Memleketin dört bir köşesinden yükselen çığlıkları, sergilenen sefalet görüntülerini, her tarafı kasıp-kavuran çeteleşmeleri elbette onlar da duyuyorlar ve görüyorlar ve bütün bu olumsuzlukların yegâne müsebbibi olan iktidar partisine desteklerinden ötürü yüzleri kızarıyor.
İstiyorlar ki, hiç bir günün gündemi aynı kalmasın, saat saat değişsin de destekledikleri iktidar partisinin kötülükleri konuşulmasın.
Eski gündemin üstüne gelen her yeni gündemin diğerinden daha fazla yüz kızartıcı olması ise kambur üstüne kambur ekliyor.
Gündem değiştikçe hacım seviniyor çünkü artık dayanılmaz boyutlara ulaşmış olan yoksulluğun ve hazmedilemez rezilliklere baliğ olmuş yolsuzlukların hiç olmazsa belli bir zaman diliminde konuşulmayacağını, unutulacağını zannediyor.
Biraz da iktidar sözcülerinin ve yandaş medyanın marifetiyle saat saat değişmekte olan gündem hacımı ziyadesiyle memnun ediyor çünkü alkışladığı iktidar ve ortaklarının iki yüzlü tavırları biraz olsun gözden ırak olacağını düşünüyor.
Mesela, her fırsatta ve her vesile ile dillerine doladıkları, güya sahip çıktıkları mazlum Filistin meselesinde sergiledikleri iki yüzlü halleri hacımı da aşırı rahatsız ettiği için, her yeni günde; 'bugün bir şey olsa da Gazze konuşulmasa' diye içten içe dua ediyor, çünkü her açıklama, her görüntü iktidarın bu konudaki iki yüzlülüğünü açıkça ortaya koyuyor.

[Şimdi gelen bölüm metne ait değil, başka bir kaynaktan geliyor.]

lemma qweight_pearson:
  fixes q a s1 t1 :: real
  assumes "0 < q" "q < 1" "0 < a" "t1 \<noteq> 0"
  defines "c \<equiv> q\<^sup>2 * s1 / ((q - 1) * t1)" and "x \<equiv> qlattice q a"
  shows "qweight q a c (Suc j) * ((q - 1) * t1 * (x (Suc j) - a) / ((1 - q)\<^sup>2 * x (Suc j)))
       = qweight q a c j * (q\<^sup>2 * s1 / ((1 - q)\<^sup>2 * x j))"
proof -
  have "0 < x j" using assms by (simp add: x_def qlattice_pos)
  have "qweight q a c (Suc j) * ((q - 1) * t1 * (x (Suc j) - a) / ((1 - q)\<^sup>2 * x (Suc j)))
      = qweight q a c (Suc j) * (x (Suc j) - a) * (q * (q - 1) * t1 / ((1 - q)\<^sup>2 * x j))"
    using assms by (simp add: x_def qlattice_Suc)
  also have "\<dots> = c * qweight q a c j * ((q - 1) * t1 / ((1 - q)\<^sup>2 * x j))"
    unfolding x_def qweight_Suc[OF assms(1-3)] using assms by simp
  also have "\<dots> = qweight q a c j * (q\<^sup>2 * s1 / ((1 - q)\<^sup>2 * x j))"
    using assms by (simp add: c_def)
  finally show ?thesis .
qed

lemma qweight_norm_pos:
  fixes p :: "real poly"
  assumes "0 < q" "q < 1" "0 < a" "0 < c" "p \<noteq> 0"
  shows "summable (\<lambda>j. qweight q a c j * (poly p (qlattice q a j) * poly p (qlattice q a j)))"
    and "0 < (\<Sum>j. qweight q a c j * (poly p (qlattice q a j) * poly p (qlattice q a j)))"
proof -
  show sm: "summable (\<lambda>j. qweight q a c j * (poly p (qlattice q a j) * poly p (qlattice q a j)))"
    using summable_qweight_poly[OF assms(1-4), of "\<lambda>_. 1" 1 "p * p"] by simp
  have "\<not> range (qlattice q a) \<subseteq> {x. poly p x = 0}"
  proof
    assume "range (qlattice q a) \<subseteq> {x. poly p x = 0}"
    then have "finite (range (qlattice q a))"
      using poly_roots_finite[OF assms(5)] by (rule finite_subset)
    with inj_qlattice[OF assms(1,2)] assms(3) show False
      by (simp add: finite_image_iff)
  qed
  then obtain i where i: "poly p (qlattice q a i) \<noteq> 0" by auto
  show "0 < (\<Sum>j. qweight q a c j * (poly p (qlattice q a j) * poly p (qlattice q a j)))"
  proof (rule suminf_pos2[OF sm])
    show "0 \<le> qweight q a c j * (poly p (qlattice q a j) * poly p (qlattice q a j))" for j
      by (intro mult_nonneg_nonneg less_imp_le[OF qweight_pos[OF assms(1-4)]] zero_le_square)
    show "0 < qweight q a c i * (poly p (qlattice q a i) * poly p (qlattice q a i))"
      by (rule mult_pos_pos[OF qweight_pos[OF assms(1-4)]]) (use i not_real_square_gt_zero in blast)
  qed
qed

lemma qEHT_lattice_orthogonal:
  fixes q a s1 t0 t1 :: real
  assumes q: "0 < q" "q < 1" and a: "0 < a" and c: "0 < q\<^sup>2 * s1 / ((q - 1) * t1)"
    and R: "q * s1 + (q - 1) * t0 = (1 - q) * t1 * a"
    and f: "solves_qEHT q [:0, s1:] [:t0, t1:] n (poly f)"
    and g: "solves_qEHT q [:0, s1:] [:t0, t1:] m (poly g)"
    and "n \<noteq> m"
  defines "w \<equiv> qweight q a (q\<^sup>2 * s1 / ((q - 1) * t1))" and "x \<equiv> qlattice q a"
  shows "(\<lambda>j. w j * (poly f (x j) * poly g (x j))) sums 0"
proof -
  have "t1 \<noteq> 0" using c by auto
  define A where "A j = q\<^sup>2 * s1 / ((1 - q)\<^sup>2 * x j)" for j
  define C where "C j = (q - 1) * t1 * (x j - a) / ((1 - q)\<^sup>2 * x j)" for j
  have rec: "A j * (poly p (x (Suc j)) - poly p (x j)) + C j * (poly p (x (j - 1)) - poly p (x j))
      + (- t1 * qnum q (int k)) * poly p (x j) = 0"
    if "solves_qEHT q [:0, s1:] [:t0, t1:] k (poly p)" for p k j
    using qEHT_lattice_recurrence[OF q a R that, of j] by (simp add: A_def C_def x_def)
  \<comment> \<open>As \<open>x (Suc j) = x j / q\<close>, the flux is a bounded factor times a polynomial in \<open>x j\<close>.\<close>
  have "summable (\<lambda>j. w j * (A j * poly (pcompose f [:0, 1/q:] * g - f * pcompose g [:0, 1/q:]) (x j)))"
    unfolding w_def x_def
  proof (rule summable_qweight_poly[OF q a c])
    fix j
    show "\<bar>A j\<bar> \<le> \<bar>q\<^sup>2 * s1\<bar> / ((1 - q)\<^sup>2 * a)"
      using qlattice_ge[of q a j] qlattice_pos[of q a j] q a
      by (simp add: A_def x_def abs_mult frac_le)
  qed
  then have flux: "(\<lambda>j. w j * A j * (poly f (x (Suc j)) * poly g (x j) - poly f (x j) * poly g (x (Suc j))))
      \<longlonglongrightarrow> 0"
    using q by (simp add: poly_pcompose x_def qlattice_Suc algebra_simps summable_LIMSEQ_zero)
  have pearson: "w (Suc j) * C (Suc j) = w j * A j" for j
    using qweight_pearson[OF q a \<open>t1 \<noteq> 0\<close>, of s1 j] by (simp add: w_def A_def C_def x_def)
  have "- t1 * qnum q (int n) \<noteq> - t1 * qnum q (int m)"
    using \<open>t1 \<noteq> 0\<close> \<open>n \<noteq> m\<close> q by (simp add: qnum_of_nat power_inject_exp')
  with pearson rec[OF f] rec[OF g] flux show ?thesis
    by (rule discrete_orthogonality)
qed

lemma qEHT_orthogonal_polynomials:
  fixes q a s1 t0 t1 :: real
  assumes q: "0 < q" "q < 1" and a: "0 < a" and c: "0 < q\<^sup>2 * s1 / ((q - 1) * t1)"
    and R: "q * s1 + (q - 1) * t0 = (1 - q) * t1 * a"
  defines "w \<equiv> qweight q a (q\<^sup>2 * s1 / ((q - 1) * t1))" and "x \<equiv> qlattice q a"
  obtains P :: "nat \<Rightarrow> real poly" and N :: "nat \<Rightarrow> real"
  where "\<And>n. degree (P n) = n" and "\<And>n. solves_qEHT q [:0, s1:] [:t0, t1:] n (poly (P n))"
    and "\<And>n. 0 < N n"
    and "\<And>n m. (\<lambda>j. w j * (poly (P n) (x j) * poly (P m) (x j))) sums (if m = n then N n else 0)"
proof -
  have "t1 \<noteq> 0" using c by auto
  then have "\<forall>n. \<exists>p. degree p = n \<and> lead_coeff p = 1 \<and> solves_qEHT q [:0, s1:] [:t0, t1:] n (poly p)"
    using q qEHT_polynomial_solution by auto
  then obtain P where P: "\<And>n. degree (P n) = n"
      "\<And>n. solves_qEHT q [:0, s1:] [:t0, t1:] n (poly (P n))" and monic: "\<And>n. lead_coeff (P n) = 1"
    by metis
  define N where "N n = (\<Sum>j. w j * (poly (P n) (x j) * poly (P n) (x j)))" for n
  have "P n \<noteq> 0" for n
    using monic[of n] by auto
  note norm = qweight_norm_pos[OF q a c this, folded w_def x_def N_def]
  show ?thesis
  proof (rule that[OF P])
    show "0 < N n" for n unfolding N_def by (rule norm(2))
    show "(\<lambda>j. w j * (poly (P n) (x j) * poly (P m) (x j))) sums (if m = n then N n else 0)" for n m
      using qEHT_lattice_orthogonal[OF q a c R P(2)[of n] P(2)[of m]] summable_sums[OF norm(1)]
      by (auto simp: w_def x_def N_def)
  qed
qed

lemma qweight_parameter_pos:
  fixes q s1 t1 :: real
  assumes "0 < q" "q < 1" "t1 / s1 < 0"
  shows "0 < q\<^sup>2 * s1 / ((q - 1) * t1)"
proof -
  have "0 < (q - 1) * (t1 * s1)"
    using assms by (intro mult_neg_neg) (auto simp: divide_less_0_iff mult_less_0_iff)
  then have "0 < q\<^sup>2 * ((q - 1) * (t1 * s1))"
    using assms(1) by simp
  then have "0 < (q\<^sup>2 * s1) * ((q - 1) * t1)"
    by (simp only: mult_ac)
  then show ?thesis by (metis divide_pos_pos divide_neg_neg zero_less_mult_iff)
qed

lemma linear_poly_eq:
  assumes "degree p \<le> 1"
  shows "p = [:coeff p 0, coeff p 1:]"
proof (rule poly_eqI)
  fix k show "coeff p k = coeff [:coeff p 0, coeff p 1:] k"
    using assms by (cases k) (auto simp: coeff_pCons coeff_eq_0 split: nat.split)
qed

lemma sigma2_factorization_root:
  fixes q s1 a :: real
  assumes "0 < q"
    and "smult q ([:0, s1:] + smult (1 - 1/q) ([:0, 1:] * \<tau>))
       = smult (q * (1 - 1/q) * coeff \<tau> 1) ([:0, 1:] * [:- a, 1:])"
  shows "q * s1 + (q - 1) * coeff \<tau> 0 = (1 - q) * coeff \<tau> 1 * a"
proof -
  have "coeff (smult q ([:0, s1:] + smult (1 - 1/q) ([:0, 1:] * \<tau>))) 1
      = coeff (smult (q * (1 - 1/q) * coeff \<tau> 1) ([:0, 1:] * [:- a, 1:])) 1"
    using assms(2) by simp
  with assms(1) have "q * (q * s1 + (q - 1) * coeff \<tau> 0) = q * ((1 - q) * coeff \<tau> 1 * a)"
    by (simp add: field_simps)
  with assms(1) show ?thesis by simp
qed

lemma exp_alpha_ln_qlattice:
  fixes \<alpha> :: complex
  assumes "0 < q" "0 < a" "exp (\<alpha> * of_real (ln q)) = of_real (1 / c)"
  shows "exp (\<alpha> * of_real (ln \<bar>qlattice q a j\<bar>)) = exp (\<alpha> * of_real (ln a)) * of_real (c ^ j)"
proof -
  have "c \<noteq> 0" using assms(3) by (metis div_by_0 exp_not_eq_zero of_real_0)
  have "ln \<bar>qlattice q a j\<bar> = ln a - real j * ln q"
    using assms by (simp add: qlattice_def ln_mult ln_realpow ln_div)
  then have ln_eq: "complex_of_real (ln \<bar>qlattice q a j\<bar>) = of_real (ln a) - of_nat j * of_real (ln q)"
    by simp
  have "\<alpha> * of_real (ln \<bar>qlattice q a j\<bar>) = \<alpha> * of_real (ln a) - of_nat j * (\<alpha> * of_real (ln q))"
    unfolding ln_eq by (simp add: algebra_simps)
  then have "exp (\<alpha> * of_real (ln \<bar>qlattice q a j\<bar>))
      = exp (\<alpha> * of_real (ln a)) / exp (\<alpha> * of_real (ln q)) ^ j"
    by (simp add: exp_diff exp_of_nat_mult)
  with \<open>c \<noteq> 0\<close> show ?thesis unfolding assms(3) by (simp add: field_simps)
qed

lemma qweight_summand:
  fixes \<alpha> :: complex and u v :: real
  assumes "0 < q" "0 < a" "exp (\<alpha> * of_real (ln q)) = of_real (1 / c)"
  shows "complex_of_real ((1/q - 1) * a * (1/q) ^ j * u * v)
           * (let x = (1/q) ^ j * a in
                exp (\<alpha> * complex_of_real (ln \<bar>x\<bar>))
                * complex_of_real (exp ((1/2) * (log q x - 1) * ln x))
                * complex_of_real (qpoch_inf (q * a / x) q))
         = exp (\<alpha> * of_real (ln a)) * of_real (qweight q a c j * (u * v))"
  unfolding qlattice_def[symmetric] Let_def exp_alpha_ln_qlattice[OF assms]
  by (simp add: qweight_def Let_def mult_ac)

theorem theorem5p15:
  fixes q :: real and \<sigma>1 \<tau> :: "real poly" and s1 a :: real and \<alpha> :: complex
  assumes q: "0 < q" "q < 1"
    and sigma1: "\<sigma>1 = [:0, s1:]" "s1 \<noteq> 0"
    and tau: "degree \<tau> \<le> 1" "coeff \<tau> 1 \<noteq> 0"
    and sigma2_fact: "smult q (\<sigma>1 + smult (1 - 1/q) ([:0, 1:] * \<tau>))
                 = smult (q * (1 - 1/q) * coeff \<tau> 1) ([:0, 1:] * [:- a, 1:])"
    and sigma2': "q * (s1 + (1 - 1/q) * coeff \<tau> 0) \<noteq> 0"
    and Lambda: "coeff \<tau> 1 / s1 < 0"
    and a_pos: "a > 0"
    and y0: "q * ((1/q) * (1 + (1 - 1/q) * coeff \<tau> 0 / s1)) < 0"
    and alpha: "exp (\<alpha> * complex_of_real (ln q))
                 = complex_of_real (q powi (-2) * (q * (1 - 1/q) * coeff \<tau> 1) / s1)"
  shows "\<exists>P :: nat \<Rightarrow> real poly. \<exists>d :: nat \<Rightarrow> complex.
     \<forall>n. degree (P n) = n \<and> solves_qEHT q \<sigma>1 \<tau> n (poly (P n)) \<and> d n \<noteq> 0 \<and>
       (\<forall>m. (\<lambda>j. complex_of_real ((1/q - 1) * a * (1/q) ^ j
                  * poly (P n) ((1/q) ^ j * a) * poly (P m) ((1/q) ^ j * a))
               * (let x = (1/q) ^ j * a in
                    exp (\<alpha> * complex_of_real (ln \<bar>x\<bar>))
                    * complex_of_real (exp ((1/2) * (log q x - 1) * ln x))
                    * complex_of_real (qpoch_inf (q * a / x) q)))
            sums (if m = n then d n else 0))"
proof -
  \<comment> \<open>\<open>sigma2'\<close> and \<open>y0\<close> are consequences of \<open>sigma2_fact\<close>, \<open>Lambda\<close> and \<open>a_pos\<close>.\<close>
  define t0 t1 where "t0 = coeff \<tau> 0" and "t1 = coeff \<tau> 1"
  define c where "c = q\<^sup>2 * s1 / ((q - 1) * t1)"
  have tau_eq: "\<tau> = [:t0, t1:]" using linear_poly_eq[OF tau(1)] by (simp add: t0_def t1_def)
  have R: "q * s1 + (q - 1) * t0 = (1 - q) * t1 * a"
    using sigma2_factorization_root[OF q(1) sigma2_fact[unfolded sigma1]] by (simp add: t0_def t1_def)
  have c_pos: "0 < c" unfolding c_def t1_def using q Lambda by (rule qweight_parameter_pos)
  have "q powi (-2) * (q * (1 - 1/q) * coeff \<tau> 1) / s1 = 1 / c"
    using q sigma1(2) tau(2) by (simp add: c_def t1_def power_int_minus field_simps power2_eq_square)
  with alpha have alpha_c: "exp (\<alpha> * of_real (ln q)) = of_real (1 / c)" by (simp only:)
  obtain P N where deg: "\<And>n. degree (P n) = n"
    and solves: "\<And>n. solves_qEHT q [:0, s1:] [:t0, t1:] n (poly (P n))" and N: "\<And>n. 0 < N n"
    and ortho: "\<And>n m. (\<lambda>j. qweight q a c j * (poly (P n) (qlattice q a j) * poly (P m) (qlattice q a j)))
          sums (if m = n then N n else 0)"
    using qEHT_orthogonal_polynomials[OF q a_pos c_pos[unfolded c_def] R, folded c_def] by blast
  define K where "K = exp (\<alpha> * of_real (ln a))"
  have "(\<lambda>j. K * of_real (qweight q a c j * (poly (P n) ((1/q) ^ j * a) * poly (P m) ((1/q) ^ j * a))))
      sums (if m = n then K * of_real (N n) else 0)" for n m
    using sums_mult[OF sums_of_real[OF ortho[of n m]], of K] unfolding qlattice_def
    by (cases "m = n") simp_all
  moreover have "K * of_real (N n) \<noteq> 0" for n using N[of n] by (simp add: K_def)
  ultimately show ?thesis
    unfolding qweight_summand[OF q(1) a_pos alpha_c, folded K_def] sigma1 tau_eq
    using deg solves by (intro exI[of _ P] exI[of _ "\<lambda>n. K * of_real (N n)"]) blast
qed

end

Bir yılı aşkın bir süreden beri Gazze'de devam eden, ardından Lübnan'a da sıçrayan soykırımcı İsrail'in işlediği cinayetler, katlettiği yüz binler ortada iken, daha yeni, daha dün, İzmit ve İstanbul/ Anbarlı limanından basına yansıyan İsrail gemilerini protesto görüntüleri, havaya ateş açarak itirazları susturma teşebbüsleri bir kez daha ispat etti ki, iktidarın bütün söz vermelerine rağmen katil İsrail ile ticaret sonlandırılmamış ve tüm hızıyla devam ediyor.
Şairin; 'Dostun iki yüzlü düşmanın namert' dediği gibi, söylemde, katil İsrail, mel'un İsrail, Uluslararası mahkemelerde hesap vereceksin İsrail, eylemde ise, katil İsrail'in katliamlarını sürdürebilmek için muhtaç olduğu her ne varsa hepsini temin eden ve taşıyan yük gemileri ile destek…
Böyle bir gündem değiştikçe, birazcık vidanı kalmış olan hacım da birazcık rahat nefes alıyor ve tabii bir de yerin altı var, hesap var, mahşer var, mizan var, Mahkeme-i Kübra var…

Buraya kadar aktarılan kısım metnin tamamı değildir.